The adjudicator’s word is law, as our latest case report shows. Even if he makes an obvious clerical slip-up he is entitled to correct his mistake if he does so within a reasonable time.

Do you remember the adjudication case of Bouygues (UK) Ltd vs Dahl-Jenson (UK) Ltd?

The adjudicator decided money should go from Bouygues to Dahl-Jenson, but then Bouygues told him he had slipped up in his calculation and that money should have gone the other way.

The adjudicator didn’t accept that this was the case. Bouygues, miffed, wouldn’t pay, and was taken to court. The judge was satisfied a mistake had been made during the headlong, 28-day adjudication rush but he would not, or could not, correct the error. The case is going to the Court of Appeal.
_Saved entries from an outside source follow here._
(* Let $H$ be a separable complex Hilbert space, $(\Omega,\mu)$ a measure space with positive measure, and let $K\in B(H)$ have closed range. Let $F:\Omega\to H$ be a Parseval continuous $K$-frame of $H$. Then $K^{\dagger}F$ is the canonical dual continuous $K$-Bessel sequence of $F$; that is, $K^{\dagger}F$ is a dual continuous $K$-Bessel sequence of $F$ and $\|T_{K^{\dagger}F}\|\le\|T_G\|$ for every dual continuous $K$-Bessel sequence $G$ of $F$, where $T_{K^\dagger F}$ and $T_G$ denote the analysis operators of $K^{\dagger}F$ and $G$.
   Context: A map $F:\Omega\to H$ is weakly measurable if $\omega\mapsto\langle f,F(\omega)\rangle$ is measurable for every $f\in H$. A continuous Bessel sequence is a weakly measurable $G$ with $\int_\Omega|\langle f,G(\omega)\rangle|^2\,d\mu(\omega)\le B\|f\|^2$ for all $f\in H$, for some $B>0$; its analysis operator is $T_G:H\to L^2(\Omega,\mu)$, $T_Gf=\{\langle f,G(\omega)\rangle\}_{\omega}$. A Parseval continuous $K$-frame is a weakly measurable $F$ with $\int_\Omega|\langle f,F(\omega)\rangle|^2\,d\mu(\omega)=\|K^{\ast}f\|^2$ for all $f\in H$. A dual continuous $K$-Bessel sequence of $F$ is a continuous Bessel sequence $G$ with $Kf=\int_\Omega\langle f,G(\omega)\rangle F(\omega)\,d\mu(\omega)$ for all $f\in H$. $K^{\dagger}$ denotes the Moore–Penrose pseudo-inverse of the closed-range operator $K$. *)

theory Defs
  imports "HOL-Analysis.Analysis"
begin

text \<open>The inner product is linear in the FIRST argument and conjugate-linear in the second
  (the convention of the paper: K f = integral of <f,G w> F w).\<close>

class complex_inner = real_normed_vector +
  fixes scaleC :: "complex \<Rightarrow> 'a \<Rightarrow> 'a"
    and cinner :: "'a \<Rightarrow> 'a \<Rightarrow> complex"
  assumes scaleC_add_right: "scaleC a (x + y) = scaleC a x + scaleC a y"
    and scaleC_add_left: "scaleC (a + b) x = scaleC a x + scaleC b x"
    and scaleC_scaleC: "scaleC a (scaleC b x) = scaleC (a * b) x"
    and scaleC_one: "scaleC 1 x = x"
    and scaleR_scaleC: "scaleR r x = scaleC (complex_of_real r) x"
    and cinner_commute: "cinner x y = cnj (cinner y x)"
    and cinner_add_left: "cinner (x + y) z = cinner x z + cinner y z"
    and cinner_scaleC_left: "cinner (scaleC a x) y = a * cinner x y"
    and cinner_self_nonneg: "Im (cinner x x) = 0 \<and> 0 \<le> Re (cinner x x)"
    and norm_eq_sqrt_cinner: "norm x = sqrt (Re (cinner x x))"

class chilbert_space = complex_inner + complete_space

definition bounded_clinear :: "('a::complex_inner \<Rightarrow> 'b::complex_inner) \<Rightarrow> bool" where
  "bounded_clinear T \<longleftrightarrow> bounded_linear T \<and> (\<forall>c x. T (scaleC c x) = scaleC c (T x))"

definition is_adjoint :: "('a::complex_inner \<Rightarrow> 'b::complex_inner) \<Rightarrow> ('b \<Rightarrow> 'a) \<Rightarrow> bool" where
  "is_adjoint T S \<longleftrightarrow> (\<forall>x y. cinner (T x) y = cinner x (S y))"

definition adj :: "('a::complex_inner \<Rightarrow> 'b::complex_inner) \<Rightarrow> ('b \<Rightarrow> 'a)" where
  "adj T = (SOME S. is_adjoint T S)"

text \<open>Moore--Penrose pseudo-inverse: the unique bounded operator satisfying the four
  Penrose equations (for closed-range bounded operators it exists and is unique).\<close>
definition pinv :: "('a::complex_inner \<Rightarrow> 'b::complex_inner) \<Rightarrow> ('b \<Rightarrow> 'a)" where
  "pinv T = (THE S. bounded_clinear S \<and> T \<circ> S \<circ> T = T \<and> S \<circ> T \<circ> S = S
                  \<and> is_adjoint (T \<circ> S) (T \<circ> S) \<and> is_adjoint (S \<circ> T) (S \<circ> T))"

definition separable_space :: "'a::metric_space itself \<Rightarrow> bool" where
  "separable_space _ \<longleftrightarrow> (\<exists>D::'a set. countable D \<and> closure D = UNIV)"

definition weakly_measurable :: "'b measure \<Rightarrow> ('b \<Rightarrow> 'a::complex_inner) \<Rightarrow> bool" where
  "weakly_measurable M F \<longleftrightarrow> (\<forall>f. (\<lambda>\<omega>. cinner f (F \<omega>)) \<in> borel_measurable M)"

definition cont_bessel :: "'b measure \<Rightarrow> ('b \<Rightarrow> 'a::complex_inner) \<Rightarrow> bool" where
  "cont_bessel M G \<longleftrightarrow> weakly_measurable M G \<and>
     (\<exists>B>0. \<forall>f. (\<integral>\<^sup>+\<omega>. ennreal ((cmod (cinner f (G \<omega>)))\<^sup>2) \<partial>M) \<le> ennreal (B * (norm f)\<^sup>2))"

definition parseval_cont_K_frame :: "'b measure \<Rightarrow> ('a::complex_inner \<Rightarrow> 'a) \<Rightarrow> ('b \<Rightarrow> 'a) \<Rightarrow> bool" where
  "parseval_cont_K_frame M K F \<longleftrightarrow> weakly_measurable M F \<and>
     (\<forall>f. (\<integral>\<^sup>+\<omega>. ennreal ((cmod (cinner f (F \<omega>)))\<^sup>2) \<partial>M) = ennreal ((norm (adj K f))\<^sup>2))"

text \<open>Dual continuous K-Bessel sequence; the H-valued integral is understood in the weak sense:
  <K f, h> = integral of <f, G w> <F w, h>.\<close>
definition dual_cont_K_bessel :: "'b measure \<Rightarrow> ('a::complex_inner \<Rightarrow> 'a) \<Rightarrow> ('b \<Rightarrow> 'a) \<Rightarrow> ('b \<Rightarrow> 'a) \<Rightarrow> bool" where
  "dual_cont_K_bessel M K F G \<longleftrightarrow> cont_bessel M G \<and>
     (\<forall>f h. cinner (K f) h = (\<integral>\<omega>. cinner f (G \<omega>) * cinner (F \<omega>) h \<partial>M))"

text \<open>Operator norm of the analysis operator T_G : H \<rightarrow> L^2(M), T_G f = <f, G(.)>.\<close>
definition analysis_norm :: "'b measure \<Rightarrow> ('b \<Rightarrow> 'a::complex_inner) \<Rightarrow> real" where
  "analysis_norm M G = (SUP f\<in>{f. norm f \<le> 1}.
      sqrt (enn2real (\<integral>\<^sup>+\<omega>. ennreal ((cmod (cinner f (G \<omega>)))\<^sup>2) \<partial>M)))"

end

theory Submission
  imports Defs
begin

text \<open>Write T for the pseudo-inverse of K. Since K has closed range it is bounded below on
  the orthogonal complement of its kernel (Baire), so T exists and is bounded, and T K is the
  orthogonal projection onto that complement; in particular K* T* = T K. Polarizing the
  Parseval identity gives, for the sequence T F,
  \<integral> \<langle>f, T F\<rangle> \<langle>F, h\<rangle> = \<langle>K* T* f, K* h\<rangle> = \<langle>K T K f, h\<rangle> = \<langle>K f, h\<rangle>,
  and its analysis operator satisfies \<parallel>T_TF f\<parallel> = \<parallel>T K f\<parallel>.
  If G is any dual, test the duality against h = T* u with u = T K f, so that K* h = u:
  the Cauchy--Schwarz inequality in L^2 gives
  \<parallel>u\<parallel>^2 = \<langle>K f, h\<rangle> \<le> \<parallel>T_G f\<parallel> \<parallel>K* h\<parallel> = \<parallel>T_G f\<parallel> \<parallel>u\<parallel>, i.e. \<parallel>T_TF f\<parallel> \<le> \<parallel>T_G f\<parallel> for every f.\<close>

section \<open>Complex inner product spaces\<close>

subclass (in chilbert_space) banach ..

lemma cinner_add_right: "cinner x (y + z) = cinner x y + cinner x z"
  by (metis cinner_commute cinner_add_left complex_cnj_add)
In a separate case involving an adjudicator’s slip-up, a different judge allowed the adjudicator to put things right. Bowmer & Kirkland (London) is the main contractor for a development at Whiteley Village, Fareham, in Hampshire. Bloor Construction (UK) is the ground works contractor. Their difference of opinion was over how much money ought to be paid to Bloor.

The referee was called in. Although his 28-day period was due to end on 9 February, he said on 4 February that he would not be publishing his decision until 11 February. Neither party dissented; this was an implied extension of time.

At 3.30pm on 11 February, the decision was faxed. It was a summary only saying, in short, that Bowmer shall pay Bloor £122 098.76. It wasn’t signed, but that makes no odds.

However, Bowmer’s QS, Mr Bareham, immediately spotted that the amount due overlooked cash paid on account. The adjudicator immediately acknowledged the oversight, and corrected the figures in the decision by 5pm. But Bloor said the correction was too late, so would Bowmer send a cheque for the lot. It didn’t, so Bloor went to the High Court to enforce.

At the hearing, Bloor’s barrister did the honourable thing. He readily admitted that there was no merit in Bloor’s case. Moreover, if the adjudicator’s corrected decision was not upheld, the final result would be unjust to Bowmer.

But this, he said, was not relevant. His purely technical argument was that, according to the naked law, once a decision has been published, nothing exists to revive the powers of an adjudicator to correct any errors. The referee has left the pitch, so too the players. Even the crowd has gone home. He can’t run back on the pitch and admit he wrote down the wrong score.

But counsel for Bowmer & Kirkland argued that since adjudication is imported into a contract, albeit without express agreement by the parties, there must be an implied term or promise that permits the referee to put right a clerical error.

The slip rule is for an obvious mistake. It is not a chance to have second thoughts to produce a revised decision or award.

Even judges make slip-ups when number-crunching, or get names the wrong way round. But a judge can correct at any time up to the point when he later draws up his formal order. Arbitrators make slip-ups too. In one case, for instance, an arbitrator awarded all the money to x but meant y, but corrected it using the slip rule in the Arbitration Act.

You might argue that if parliament had intended a similar slip rule in adjudication, it would have been put it in. Since it hasn’t, the decision cannot be corrected.

The judge in this Bowmer & Kirkland and Bloor affair considered the law and decided that there is an implied term in the act and in the scheme, which is similar to the slip rule in the Arbitration Act 1996.

Provided the parties do not expressly ban a slip rule in the contract, an adjudicator can correct an admitted accidental slip or omission.

This is not an opportunity to have second thoughts to produce a revised decision or award. This is not a chance to put right wrongly assessed evidence or misapplication of law. The referee cannot receive a fax from an aggrieved party that points out he has misunderstood law or fact. The slip rule is only for an obvious mistake of the sort in the Bowmer & Kirkland case. And the correction of a manifest error must be within an acceptable or reasonable time limit. The judge did not make clear the time limit for adjudication.

Notice that the judge said neither he nor the court had the power to correct the adjudicator’s error. It was a power vested only in the adjudicator. In this sense, the judge is consistent with the Bouygues judge, who stood by the adjudicator’s insistence that he had made no slip.

The difference in Bowmer & Kirkland is that the adjudicator admitted the slip straight away. After all, he has the power to dash back on the pitch and shout the right result, even though the crowd has gone home.

Bloor Construction (UK) Limited vs Bowmer & Kirkland (London) Limited is no 25 in our adjudication series.